Every approach I make has to be run by her husband. If I offer to buy her something (a nursing chair) my son in law has to be consulted. He does not like the look of it so they go off to look for one that he does like! I have not heard any more.

Between my daughter's independent streak, and her husband's desire to have a say in absolutely everything, I am starting to feel a little marginalised. This is fine, of course, with their marriage but worrying if it carries on with a new grandchild. Son in law's brother has two young children and his mother, a lovely lady, was not trusted to be in charge of the baby out of their sight so it may be a family trait to be a little "controlling"?

Hey ho, I am sure it will all be fine in the end and we will muddle our way through. Hopefully son in law will have seen the pain caused to his mother by her other son and be a little more relaxed than he was. Incidentally, when his brother's second child came along they suddenly found that his grandma was trustworthy!


----------



## nicholsong (May 26, 2009)

Families?


Who would have them?


----------



## JanHank (Mar 29, 2015)

Like everything in life having a family has for's and against's.
Sometimes I am glad other times sad we had no children, but there wasn't a choice.

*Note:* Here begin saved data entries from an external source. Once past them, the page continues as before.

theorem propositionA1:
  fixes M :: "'a measure"
    and d :: "'a \<Rightarrow> 'a \<Rightarrow> real"
    and pi :: "nat \<Rightarrow> 'a measure"
    and K :: "nat \<Rightarrow> 'a \<Rightarrow> 'a measure"
    and nu :: "nat \<Rightarrow> 'a measure"
    and nut :: "nat \<Rightarrow> ('a \<times> 'a) measure"
    and P :: "'w measure"
    and Kc0 :: "'a \<times> 'a \<Rightarrow> ('a \<times> 'a) measure"
    and Y0 :: "nat \<Rightarrow> 'w \<Rightarrow> 'a \<times> 'a"
    and Kc :: "nat \<Rightarrow> ('a \<times> 'a) \<times> ('a \<times> 'a) \<Rightarrow> (('a \<times> 'a) \<times> ('a \<times> 'a)) measure"
    and nuc :: "nat \<Rightarrow> (('a \<times> 'a) \<times> ('a \<times> 'a)) measure"
    and Z :: "nat \<Rightarrow> nat \<Rightarrow> 'w \<Rightarrow> ('a \<times> 'a) \<times> ('a \<times> 'a)"
  assumes
    \<comment> \<open>measurable metric on X, bounded, and X compact w.r.t. it\<close>
    metric: "\<forall>x\<in>space M. \<forall>y\<in>space M. (d x y = 0 \<longleftrightarrow> x = y) \<and> d x y = d y x"
    and triangle: "\<forall>x\<in>space M. \<forall>y\<in>space M. \<forall>z\<in>space M. d x z \<le> d x y + d y z"
    and d_meas: "case_prod d \<in> borel_measurable (M \<Otimes>\<^sub>M M)"
    and d_bdd: "\<exists>B. \<forall>x\<in>space M. \<forall>y\<in>space M. d x y \<le> B"
    and compact: "\<forall>s::nat \<Rightarrow> 'a. (\<forall>n. s n \<in> space M) \<longrightarrow>
        (\<exists>r x. strict_mono r \<and> x \<in> space M \<and> (\<lambda>n. d (s (r n)) x) \<longlonglongrightarrow> 0)"
    \<comment> \<open>probability measures, Markov kernels, invariance\<close>
    and pi_prob: "\<And>l. pi l \<in> space (prob_algebra M)"
    and K_kernel: "\<And>l. K l \<in> M \<rightarrow>\<^sub>M prob_algebra M"
    and K_inv: "\<And>l. bind (pi l) (K l) = pi l"
    and nu_prob: "\<And>l. nu l \<in> space (prob_algebra M)"
    and nut_prob: "\<And>s. nut s \<in> space (prob_algebra (M \<Otimes>\<^sub>M M))"
    and nut_fst: "\<And>s. distr (nut s) M fst = nu s"
    and nut_snd: "\<And>s. distr (nut s) M snd = nu s"
    \<comment> \<open>level-0 coupled chain\<close>
    and P_prob: "prob_space P"
    and Kc0_kernel: "Kc0 \<in> (M \<Otimes>\<^sub>M M) \<rightarrow>\<^sub>M prob_algebra (M \<Otimes>\<^sub>M M)"
    and Kc0_fst: "\<And>x w. x \<in> space M \<Longrightarrow> w \<in> space M \<Longrightarrow> distr (Kc0 (x, w)) M fst = K 0 x"
    and Kc0_snd: "\<And>x w. x \<in> space M \<Longrightarrow> w \<in> space M \<Longrightarrow> distr (Kc0 (x, w)) M snd = K 0 w"
    and Y0_chain: "is_markov_chain P (M \<Otimes>\<^sub>M M) (check_nu M (K 0) (nut 0)) Kc0 Y0"
    and Y0_faithful: "\<And>\<omega> n. \<omega> \<in> space P \<Longrightarrow>
        meet_time (\<lambda>n \<omega>. fst (Y0 n \<omega>)) (\<lambda>n \<omega>. snd (Y0 n \<omega>)) \<omega> \<le> enat n \<Longrightarrow>
        fst (Y0 n \<omega>) = snd (Y0 n \<omega>)"
    \<comment> \<open>increment chains, l >= 1\<close>
    and Kc_kernel: "\<And>l. 1 \<le> l \<Longrightarrow>
        Kc l \<in> ((M \<Otimes>\<^sub>M M) \<Otimes>\<^sub>M (M \<Otimes>\<^sub>M M)) \<rightarrow>\<^sub>M prob_algebra ((M \<Otimes>\<^sub>M M) \<Otimes>\<^sub>M (M \<Otimes>\<^sub>M M))"
    and Kc_marg: "\<And>l z. 1 \<le> l \<Longrightarrow> z \<in> space ((M \<Otimes>\<^sub>M M) \<Otimes>\<^sub>M (M \<Otimes>\<^sub>M M)) \<Longrightarrow>
        distr (Kc l z) M (\<lambda>z'. fst (fst z')) = K l (fst (fst z)) \<and>
        distr (Kc l z) M (\<lambda>z'. snd (fst z')) = K l (snd (fst z)) \<and>
        distr (Kc l z) M (\<lambda>z'. fst (snd z')) = K (l - 1) (fst (snd z)) \<and>
        distr (Kc l z) M (\<lambda>z'. snd (snd z')) = K (l - 1) (snd (snd z))"
    and nuc_prob: "\<And>l. 1 \<le> l \<Longrightarrow> nuc l \<in> space (prob_algebra ((M \<Otimes>\<^sub>M M) \<Otimes>\<^sub>M (M \<Otimes>\<^sub>M M)))"
    and nuc_fst: "\<And>l. 1 \<le> l \<Longrightarrow> distr (nuc l) (M \<Otimes>\<^sub>M M) fst = check_nu M (K l) (nut l)"
    and nuc_snd: "\<And>l. 1 \<le> l \<Longrightarrow> distr (nuc l) (M \<Otimes>\<^sub>M M) snd = check_nu M (K (l - 1)) (nut (l - 1))"
    and Z_chain: "\<And>l. 1 \<le> l \<Longrightarrow> is_markov_chain P ((M \<Otimes>\<^sub>M M) \<Otimes>\<^sub>M (M \<Otimes>\<^sub>M M)) (nuc l) (Kc l) (Z l)"
    and Z_faithful_l: "\<And>l \<omega> n. 1 \<le> l \<Longrightarrow> \<omega> \<in> space P \<Longrightarrow>
        meet_time (\<lambda>n \<omega>. fst (fst (Z l n \<omega>))) (\<lambda>n \<omega>. snd (fst (Z l n \<omega>))) \<omega> \<le> enat n \<Longrightarrow>
        fst (fst (Z l n \<omega>)) = snd (fst (Z l n \<omega>))"
    and Z_faithful_lm1: "\<And>l \<omega> n. 1 \<le> l \<Longrightarrow> \<omega> \<in> space P \<Longrightarrow>
        meet_time (\<lambda>n \<omega>. fst (snd (Z l n \<omega>))) (\<lambda>n \<omega>. snd (snd (Z l n \<omega>))) \<omega> \<le> enat n \<Longrightarrow>
        fst (snd (Z l n \<omega>)) = snd (snd (Z l n \<omega>))"
    \<comment> \<open>(A1)\<close>
    and A1: "\<exists>C \<rho>::real. 0 < \<rho> \<and> \<rho> < 1 \<and>
        (\<forall>l. \<forall>x\<in>space M. \<forall>n\<ge>1. tv_dist (kernel_pow M (K l) n x) (pi l) \<le> C * \<rho> ^ n)"
    \<comment> \<open>(A2)\<close>
    and A2: "\<exists>C \<rho>::real. 0 < \<rho> \<and> \<rho> < 1 \<and> (\<forall>n\<ge>1.
        measure P {\<omega> \<in> space P.
           meet_time (\<lambda>n \<omega>. fst (Y0 n \<omega>)) (\<lambda>n \<omega>. snd (Y0 n \<omega>)) \<omega> > enat n} \<le> C * \<rho> ^ n \<and>
        (\<forall>l\<ge>1.
          measure P {\<omega> \<in> space P.
             meet_time (\<lambda>n \<omega>. fst (fst (Z l n \<omega>))) (\<lambda>n \<omega>. snd (fst (Z l n \<omega>))) \<omega> > enat n}
            \<le> C * \<rho> ^ n \<and>
          measure P {\<omega> \<in> space P.
             meet_time (\<lambda>n \<omega>. fst (snd (Z l n \<omega>))) (\<lambda>n \<omega>. snd (snd (Z l n \<omega>))) \<omega> > enat n}
            \<le> C * \<rho> ^ n))"
  shows "\<forall>l\<ge>1. \<forall>\<phi>::'a \<Rightarrow> real. \<phi> \<in> borel_measurable M \<and> (\<exists>B. \<forall>x\<in>space M. \<bar>\<phi> x\<bar> \<le> B) \<longrightarrow>
      (\<integral>\<omega>. ub_est \<phi> (\<lambda>n \<omega>. fst (Y0 n \<omega>)) (\<lambda>n \<omega>. snd (Y0 n \<omega>)) 0 \<omega> \<partial>P) = (\<integral>x. \<phi> x \<partial>pi 0) \<and>
      (\<integral>\<omega>. ub_est \<phi> (\<lambda>n \<omega>. fst (fst (Z l n \<omega>))) (\<lambda>n \<omega>. snd (fst (Z l n \<omega>))) 0 \<omega>
            - ub_est \<phi> (\<lambda>n \<omega>. fst (snd (Z l n \<omega>))) (\<lambda>n \<omega>. snd (snd (Z l n \<omega>))) 0 \<omega> \<partial>P)
        = (\<integral>x. \<phi> x \<partial>pi l) - (\<integral>x. \<phi> x \<partial>pi (l - 1))"
proof (intro allI impI, elim conjE exE, goal_cases)
  case (1 l \<phi> B)
  then have l: "1 \<le> l" and \<phi>: "\<phi> \<in> borel_measurable M" and bounded: "\<And>x. x \<in> space M \<Longrightarrow> \<bar>\<phi> x\<bar> \<le> B"
    by simp_all
  have diagonal: "Measurable.pred (M \<Otimes>\<^sub>M M) (\<lambda>z. fst z = snd z)"
    using metric d_meas by (intro pred_diagonal_if_measurable_metric) auto
  have ergodic: "geometrically_ergodic M (K s) (pi s)" for s
    using A1 unfolding geometrically_ergodic_def by blast
  have tails: "geometric_tail P (meet_time (\<lambda>n \<omega>. fst (Y0 n \<omega>)) (\<lambda>n \<omega>. snd (Y0 n \<omega>)))"
      "geometric_tail P (meet_time (\<lambda>n \<omega>. fst (fst (Z l n \<omega>))) (\<lambda>n \<omega>. snd (fst (Z l n \<omega>))))"
      "geometric_tail P (meet_time (\<lambda>n \<omega>. fst (snd (Z l n \<omega>))) (\<lambda>n \<omega>. snd (snd (Z l n \<omega>))))"
    using A2 l unfolding geometric_tail_def by blast+
  note unbiased = coupled_chain_ub_est_unbiased[OF P_prob _ _ _ _ K_kernel _ _ nut_prob nut_fst nut_snd pi_prob
      ergodic diagonal _ _ \<phi>]
  have "(\<integral>\<omega>. ub_est \<phi> (\<lambda>n \<omega>. fst (Y0 n \<omega>)) (\<lambda>n \<omega>. snd (Y0 n \<omega>)) 0 \<omega> \<partial>P) = (\<integral>x. \<phi> x \<partial>pi 0)"
    using check_nu_in_prob_algebra[OF K_kernel nut_prob] Kc0_fst Kc0_snd Y0_faithful bounded
    by (intro unbiased[where h="\<lambda>z. z", OF Y0_chain Kc0_kernel _ _ _ _ _ tails(1), THEN conjunct2])
      (auto simp: space_pair_measure space_prob_algebra distr_id2)
  moreover have "integrable P (ub_est \<phi> (\<lambda>n \<omega>. fst (fst (Z l n \<omega>))) (\<lambda>n \<omega>. snd (fst (Z l n \<omega>))) 0) \<and>
      (\<integral>\<omega>. ub_est \<phi> (\<lambda>n \<omega>. fst (fst (Z l n \<omega>))) (\<lambda>n \<omega>. snd (fst (Z l n \<omega>))) 0 \<omega> \<partial>P) = (\<integral>x. \<phi> x \<partial>pi l)"
    using Kc_marg[OF l] Z_faithful_l[OF l] bounded
    by (intro unbiased[where h=fst, OF Z_chain[OF l] Kc_kernel[OF l] nuc_prob[OF l] _ _ nuc_fst[OF l] _ tails(2)])
      auto
  moreover have "integrable P (ub_est \<phi> (\<lambda>n \<omega>. fst (snd (Z l n \<omega>))) (\<lambda>n \<omega>. snd (snd (Z l n \<omega>))) 0) \<and>
      (\<integral>\<omega>. ub_est \<phi> (\<lambda>n \<omega>. fst (snd (Z l n \<omega>))) (\<lambda>n \<omega>. snd (snd (Z l n \<omega>))) 0 \<omega> \<partial>P) = (\<integral>x. \<phi> x \<partial>pi (l - 1))"
    using Kc_marg[OF l] Z_faithful_lm1[OF l] bounded
    by (intro unbiased[where h=snd, OF Z_chain[OF l] Kc_kernel[OF l] nuc_prob[OF l] _ _ nuc_snd[OF l] _ tails(3)])
      auto
  ultimately show ?case
    by simp
qed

May I say Pat, not to worry about your daughter and her husband's behaviour in choice of what goes in the house , I know Hans would have been the same, but he didn't control me.😀


----------



## patp (Apr 30, 2007)

Yeah you are right. My daughter can hold her own if she needs to  And he has saved me a few quid!


----------



## nicholsong (May 26, 2009)

JanHank said:


> Like everything in life having a family has for's and against's.
> Sometimes I am glad other times sad we had no children, but there wasn't a choice.
> 
> May I say Pat, not to worry about your daughter and her husband's behaviour in choice of what goes in the house , I know Hans would have been the same, but he didn't control me.😀


Jan

When I used the word 'family' I was not thinking only about children.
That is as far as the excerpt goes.